• _Aim of the task_: The data follows. Retype every entry exactly.

Entries provided START

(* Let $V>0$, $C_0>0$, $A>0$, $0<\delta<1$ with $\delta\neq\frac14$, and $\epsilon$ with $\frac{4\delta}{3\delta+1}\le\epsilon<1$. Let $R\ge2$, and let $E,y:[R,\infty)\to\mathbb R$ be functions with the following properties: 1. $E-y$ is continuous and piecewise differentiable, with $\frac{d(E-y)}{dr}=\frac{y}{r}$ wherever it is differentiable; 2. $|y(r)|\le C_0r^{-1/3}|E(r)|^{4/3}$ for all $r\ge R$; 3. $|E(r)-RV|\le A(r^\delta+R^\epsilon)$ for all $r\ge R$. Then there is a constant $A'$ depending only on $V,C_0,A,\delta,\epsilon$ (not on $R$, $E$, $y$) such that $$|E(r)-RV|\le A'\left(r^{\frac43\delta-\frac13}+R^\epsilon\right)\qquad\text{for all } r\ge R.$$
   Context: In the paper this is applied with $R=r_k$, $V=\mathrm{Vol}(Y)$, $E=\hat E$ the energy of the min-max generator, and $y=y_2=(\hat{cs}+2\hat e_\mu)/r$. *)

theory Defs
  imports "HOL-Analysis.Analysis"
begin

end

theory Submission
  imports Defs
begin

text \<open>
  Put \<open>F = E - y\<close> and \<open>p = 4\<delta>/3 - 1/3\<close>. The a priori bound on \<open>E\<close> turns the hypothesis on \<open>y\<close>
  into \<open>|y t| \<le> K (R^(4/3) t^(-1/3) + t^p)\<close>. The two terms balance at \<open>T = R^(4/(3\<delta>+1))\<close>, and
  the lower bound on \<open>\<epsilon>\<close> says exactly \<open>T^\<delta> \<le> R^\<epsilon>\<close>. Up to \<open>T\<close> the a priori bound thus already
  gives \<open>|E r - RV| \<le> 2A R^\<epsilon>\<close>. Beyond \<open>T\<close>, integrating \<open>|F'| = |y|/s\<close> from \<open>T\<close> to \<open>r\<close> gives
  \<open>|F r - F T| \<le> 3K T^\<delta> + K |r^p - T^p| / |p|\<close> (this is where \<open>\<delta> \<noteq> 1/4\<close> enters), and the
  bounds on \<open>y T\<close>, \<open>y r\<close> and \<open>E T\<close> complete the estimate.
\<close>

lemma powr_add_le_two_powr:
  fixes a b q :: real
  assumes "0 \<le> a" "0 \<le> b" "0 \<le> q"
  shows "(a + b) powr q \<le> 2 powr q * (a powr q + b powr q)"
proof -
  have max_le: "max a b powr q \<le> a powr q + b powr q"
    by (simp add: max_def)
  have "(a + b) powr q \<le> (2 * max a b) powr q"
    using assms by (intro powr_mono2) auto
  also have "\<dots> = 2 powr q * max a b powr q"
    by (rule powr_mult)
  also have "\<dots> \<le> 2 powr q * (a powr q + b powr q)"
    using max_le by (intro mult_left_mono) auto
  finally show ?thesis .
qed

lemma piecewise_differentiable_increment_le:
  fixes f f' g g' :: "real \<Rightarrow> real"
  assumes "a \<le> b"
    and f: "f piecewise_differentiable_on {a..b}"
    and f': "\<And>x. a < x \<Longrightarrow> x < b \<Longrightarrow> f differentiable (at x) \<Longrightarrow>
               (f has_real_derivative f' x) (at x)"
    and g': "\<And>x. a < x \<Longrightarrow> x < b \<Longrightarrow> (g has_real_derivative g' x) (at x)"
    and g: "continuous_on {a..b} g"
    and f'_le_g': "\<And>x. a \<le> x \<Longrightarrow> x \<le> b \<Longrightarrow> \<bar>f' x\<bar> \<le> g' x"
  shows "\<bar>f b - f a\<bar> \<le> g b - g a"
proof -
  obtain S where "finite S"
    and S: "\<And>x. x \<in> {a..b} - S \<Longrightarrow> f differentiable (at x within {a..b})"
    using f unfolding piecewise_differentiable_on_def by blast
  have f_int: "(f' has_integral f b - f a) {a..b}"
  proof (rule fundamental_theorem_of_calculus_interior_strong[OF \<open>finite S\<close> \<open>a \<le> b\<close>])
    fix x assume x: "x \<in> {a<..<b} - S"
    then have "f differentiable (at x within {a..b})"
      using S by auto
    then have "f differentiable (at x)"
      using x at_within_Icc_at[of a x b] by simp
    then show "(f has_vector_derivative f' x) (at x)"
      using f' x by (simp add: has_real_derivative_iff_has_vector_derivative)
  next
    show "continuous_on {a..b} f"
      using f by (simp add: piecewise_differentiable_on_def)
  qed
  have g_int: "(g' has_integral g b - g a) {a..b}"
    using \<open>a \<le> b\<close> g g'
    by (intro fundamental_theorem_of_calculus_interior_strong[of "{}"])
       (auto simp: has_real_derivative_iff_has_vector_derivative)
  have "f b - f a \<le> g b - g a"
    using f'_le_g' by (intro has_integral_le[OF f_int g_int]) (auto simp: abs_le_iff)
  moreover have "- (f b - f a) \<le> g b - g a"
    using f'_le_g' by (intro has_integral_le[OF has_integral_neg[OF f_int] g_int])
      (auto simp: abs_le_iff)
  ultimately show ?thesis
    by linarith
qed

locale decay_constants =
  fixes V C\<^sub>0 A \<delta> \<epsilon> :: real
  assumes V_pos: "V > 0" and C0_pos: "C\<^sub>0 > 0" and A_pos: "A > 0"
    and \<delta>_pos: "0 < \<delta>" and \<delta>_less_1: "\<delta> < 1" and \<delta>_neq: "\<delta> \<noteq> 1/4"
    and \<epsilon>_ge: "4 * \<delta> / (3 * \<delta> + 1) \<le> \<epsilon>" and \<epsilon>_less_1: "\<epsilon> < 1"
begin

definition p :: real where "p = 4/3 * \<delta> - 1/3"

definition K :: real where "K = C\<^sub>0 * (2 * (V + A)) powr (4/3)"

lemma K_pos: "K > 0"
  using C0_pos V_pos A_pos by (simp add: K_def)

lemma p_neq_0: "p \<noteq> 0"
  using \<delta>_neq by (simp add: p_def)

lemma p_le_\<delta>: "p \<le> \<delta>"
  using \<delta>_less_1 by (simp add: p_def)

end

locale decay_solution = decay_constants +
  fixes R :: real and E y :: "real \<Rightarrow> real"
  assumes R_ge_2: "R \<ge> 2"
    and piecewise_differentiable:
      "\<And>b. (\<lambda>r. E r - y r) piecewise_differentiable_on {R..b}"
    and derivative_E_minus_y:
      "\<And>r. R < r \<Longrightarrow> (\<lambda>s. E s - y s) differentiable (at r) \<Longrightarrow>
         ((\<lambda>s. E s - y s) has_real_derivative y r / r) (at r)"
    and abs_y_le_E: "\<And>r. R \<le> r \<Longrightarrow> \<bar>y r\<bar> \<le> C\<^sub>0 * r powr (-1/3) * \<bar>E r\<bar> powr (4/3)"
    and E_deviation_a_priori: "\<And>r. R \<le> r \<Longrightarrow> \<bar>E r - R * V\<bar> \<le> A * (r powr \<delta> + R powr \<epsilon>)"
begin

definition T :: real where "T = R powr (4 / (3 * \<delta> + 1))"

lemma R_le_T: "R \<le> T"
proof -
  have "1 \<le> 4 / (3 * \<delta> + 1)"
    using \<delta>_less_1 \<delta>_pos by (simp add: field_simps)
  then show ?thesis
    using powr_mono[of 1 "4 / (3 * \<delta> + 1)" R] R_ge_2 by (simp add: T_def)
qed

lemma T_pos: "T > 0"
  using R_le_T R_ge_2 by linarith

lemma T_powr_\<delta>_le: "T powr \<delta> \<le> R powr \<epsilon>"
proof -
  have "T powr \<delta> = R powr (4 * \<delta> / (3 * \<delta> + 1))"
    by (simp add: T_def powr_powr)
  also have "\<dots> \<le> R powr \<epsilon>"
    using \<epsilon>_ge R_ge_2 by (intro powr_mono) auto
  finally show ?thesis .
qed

Entries provided END

• _Task answer_:
(* Let $V>0$, $C_0>0$, $A>0$, $0<\delta<1$ with $\delta\neq\frac14$, and $\epsilon$ with $\frac{4\delta}{3\delta+1}\le\epsilon<1$. Let $R\ge2$, and let $E,y:[R,\infty)\to\mathbb R$ be functions with the following properties: 1. $E-y$ is continuous and piecewise differentiable, with $\frac{d(E-y)}{dr}=\frac{y}{r}$ wherever it is differentiable; 2. $|y(r)|\le C_0r^{-1/3}|E(r)|^{4/3}$ for all $r\ge R$; 3. $|E(r)-RV|\le A(r^\delta+R^\epsilon)$ for all $r\ge R$. Then there is a constant $A'$ depending only on $V,C_0,A,\delta,\epsilon$ (not on $R$, $E$, $y$) such that $$|E(r)-RV|\le A'\left(r^{\frac43\delta-\frac13}+R^\epsilon\right)\qquad\text{for all } r\ge R.$$
   Context: In the paper this is applied with $R=r_k$, $V=\mathrm{Vol}(Y)$, $E=\hat E$ the energy of the min-max generator, and $y=y_2=(\hat{cs}+2\hat e_\mu)/r$. *)

theory Defs
  imports "HOL-Analysis.Analysis"
begin

end

theory Submission
  imports Defs
begin

text \<open>
  Put \<open>F = E - y\<close> and \<open>p = 4\<delta>/3 - 1/3\<close>. The a priori bound on \<open>E\<close> turns the hypothesis on \<open>y\<close>
  into \<open>|y t| \<le> K (R^(4/3) t^(-1/3) + t^p)\<close>. The two terms balance at \<open>T = R^(4/(3\<delta>+1))\<close>, and
  the lower bound on \<open>\<epsilon>\<close> says exactly \<open>T^\<delta> \<le> R^\<epsilon>\<close>. Up to \<open>T\<close> the a priori bound thus already
  gives \<open>|E r - RV| \<le> 2A R^\<epsilon>\<close>. Beyond \<open>T\<close>, integrating \<open>|F'| = |y|/s\<close> from \<open>T\<close> to \<open>r\<close> gives
  \<open>|F r - F T| \<le> 3K T^\<delta> + K |r^p - T^p| / |p|\<close> (this is where \<open>\<delta> \<noteq> 1/4\<close> enters), and the
  bounds on \<open>y T\<close>, \<open>y r\<close> and \<open>E T\<close> complete the estimate.
\<close>

lemma powr_add_le_two_powr:
  fixes a b q :: real
  assumes "0 \<le> a" "0 \<le> b" "0 \<le> q"
  shows "(a + b) powr q \<le> 2 powr q * (a powr q + b powr q)"
proof -
  have max_le: "max a b powr q \<le> a powr q + b powr q"
    by (simp add: max_def)
  have "(a + b) powr q \<le> (2 * max a b) powr q"
    using assms by (intro powr_mono2) auto
  also have "\<dots> = 2 powr q * max a b powr q"
    by (rule powr_mult)
  also have "\<dots> \<le> 2 powr q * (a powr q + b powr q)"
    using max_le by (intro mult_left_mono) auto
  finally show ?thesis .
qed

lemma piecewise_differentiable_increment_le:
  fixes f f' g g' :: "real \<Rightarrow> real"
  assumes "a \<le> b"
    and f: "f piecewise_differentiable_on {a..b}"
    and f': "\<And>x. a < x \<Longrightarrow> x < b \<Longrightarrow> f differentiable (at x) \<Longrightarrow>
               (f has_real_derivative f' x) (at x)"
    and g': "\<And>x. a < x \<Longrightarrow> x < b \<Longrightarrow> (g has_real_derivative g' x) (at x)"
    and g: "continuous_on {a..b} g"
    and f'_le_g': "\<And>x. a \<le> x \<Longrightarrow> x \<le> b \<Longrightarrow> \<bar>f' x\<bar> \<le> g' x"
  shows "\<bar>f b - f a\<bar> \<le> g b - g a"
proof -
  obtain S where "finite S"
    and S: "\<And>x. x \<in> {a..b} - S \<Longrightarrow> f differentiable (at x within {a..b})"
    using f unfolding piecewise_differentiable_on_def by blast
  have f_int: "(f' has_integral f b - f a) {a..b}"
  proof (rule fundamental_theorem_of_calculus_interior_strong[OF \<open>finite S\<close> \<open>a \<le> b\<close>])
    fix x assume x: "x \<in> {a<..<b} - S"
    then have "f differentiable (at x within {a..b})"
      using S by auto
    then have "f differentiable (at x)"
      using x at_within_Icc_at[of a x b] by simp
    then show "(f has_vector_derivative f' x) (at x)"
      using f' x by (simp add: has_real_derivative_iff_has_vector_derivative)
  next
    show "continuous_on {a..b} f"
      using f by (simp add: piecewise_differentiable_on_def)
  qed
  have g_int: "(g' has_integral g b - g a) {a..b}"
    using \<open>a \<le> b\<close> g g'
    by (intro fundamental_theorem_of_calculus_interior_strong[of "{}"])
       (auto simp: has_real_derivative_iff_has_vector_derivative)
  have "f b - f a \<le> g b - g a"
    using f'_le_g' by (intro has_integral_le[OF f_int g_int]) (auto simp: abs_le_iff)
  moreover have "- (f b - f a) \<le> g b - g a"
    using f'_le_g' by (intro has_integral_le[OF has_integral_neg[OF f_int] g_int])
      (auto simp: abs_le_iff)
  ultimately show ?thesis
    by linarith
qed

locale decay_constants =
  fixes V C\<^sub>0 A \<delta> \<epsilon> :: real
  assumes V_pos: "V > 0" and C0_pos: "C\<^sub>0 > 0" and A_pos: "A > 0"
    and \<delta>_pos: "0 < \<delta>" and \<delta>_less_1: "\<delta> < 1" and \<delta>_neq: "\<delta> \<noteq> 1/4"
    and \<epsilon>_ge: "4 * \<delta> / (3 * \<delta> + 1) \<le> \<epsilon>" and \<epsilon>_less_1: "\<epsilon> < 1"
begin

definition p :: real where "p = 4/3 * \<delta> - 1/3"

definition K :: real where "K = C\<^sub>0 * (2 * (V + A)) powr (4/3)"

lemma K_pos: "K > 0"
  using C0_pos V_pos A_pos by (simp add: K_def)

lemma p_neq_0: "p \<noteq> 0"
  using \<delta>_neq by (simp add: p_def)

lemma p_le_\<delta>: "p \<le> \<delta>"
  using \<delta>_less_1 by (simp add: p_def)

end

locale decay_solution = decay_constants +
  fixes R :: real and E y :: "real \<Rightarrow> real"
  assumes R_ge_2: "R \<ge> 2"
    and piecewise_differentiable:
      "\<And>b. (\<lambda>r. E r - y r) piecewise_differentiable_on {R..b}"
    and derivative_E_minus_y:
      "\<And>r. R < r \<Longrightarrow> (\<lambda>s. E s - y s) differentiable (at r) \<Longrightarrow>
         ((\<lambda>s. E s - y s) has_real_derivative y r / r) (at r)"
    and abs_y_le_E: "\<And>r. R \<le> r \<Longrightarrow> \<bar>y r\<bar> \<le> C\<^sub>0 * r powr (-1/3) * \<bar>E r\<bar> powr (4/3)"
    and E_deviation_a_priori: "\<And>r. R \<le> r \<Longrightarrow> \<bar>E r - R * V\<bar> \<le> A * (r powr \<delta> + R powr \<epsilon>)"
begin

definition T :: real where "T = R powr (4 / (3 * \<delta> + 1))"

lemma R_le_T: "R \<le> T"
proof -
  have "1 \<le> 4 / (3 * \<delta> + 1)"
    using \<delta>_less_1 \<delta>_pos by (simp add: field_simps)
  then show ?thesis
    using powr_mono[of 1 "4 / (3 * \<delta> + 1)" R] R_ge_2 by (simp add: T_def)
qed

lemma T_pos: "T > 0"
  using R_le_T R_ge_2 by linarith

lemma T_powr_\<delta>_le: "T powr \<delta> \<le> R powr \<epsilon>"
proof -
  have "T powr \<delta> = R powr (4 * \<delta> / (3 * \<delta> + 1))"
    by (simp add: T_def powr_powr)
  also have "\<dots> \<le> R powr \<epsilon>"
    using \<epsilon>_ge R_ge_2 by (intro powr_mono) auto
  finally show ?thesis .
qed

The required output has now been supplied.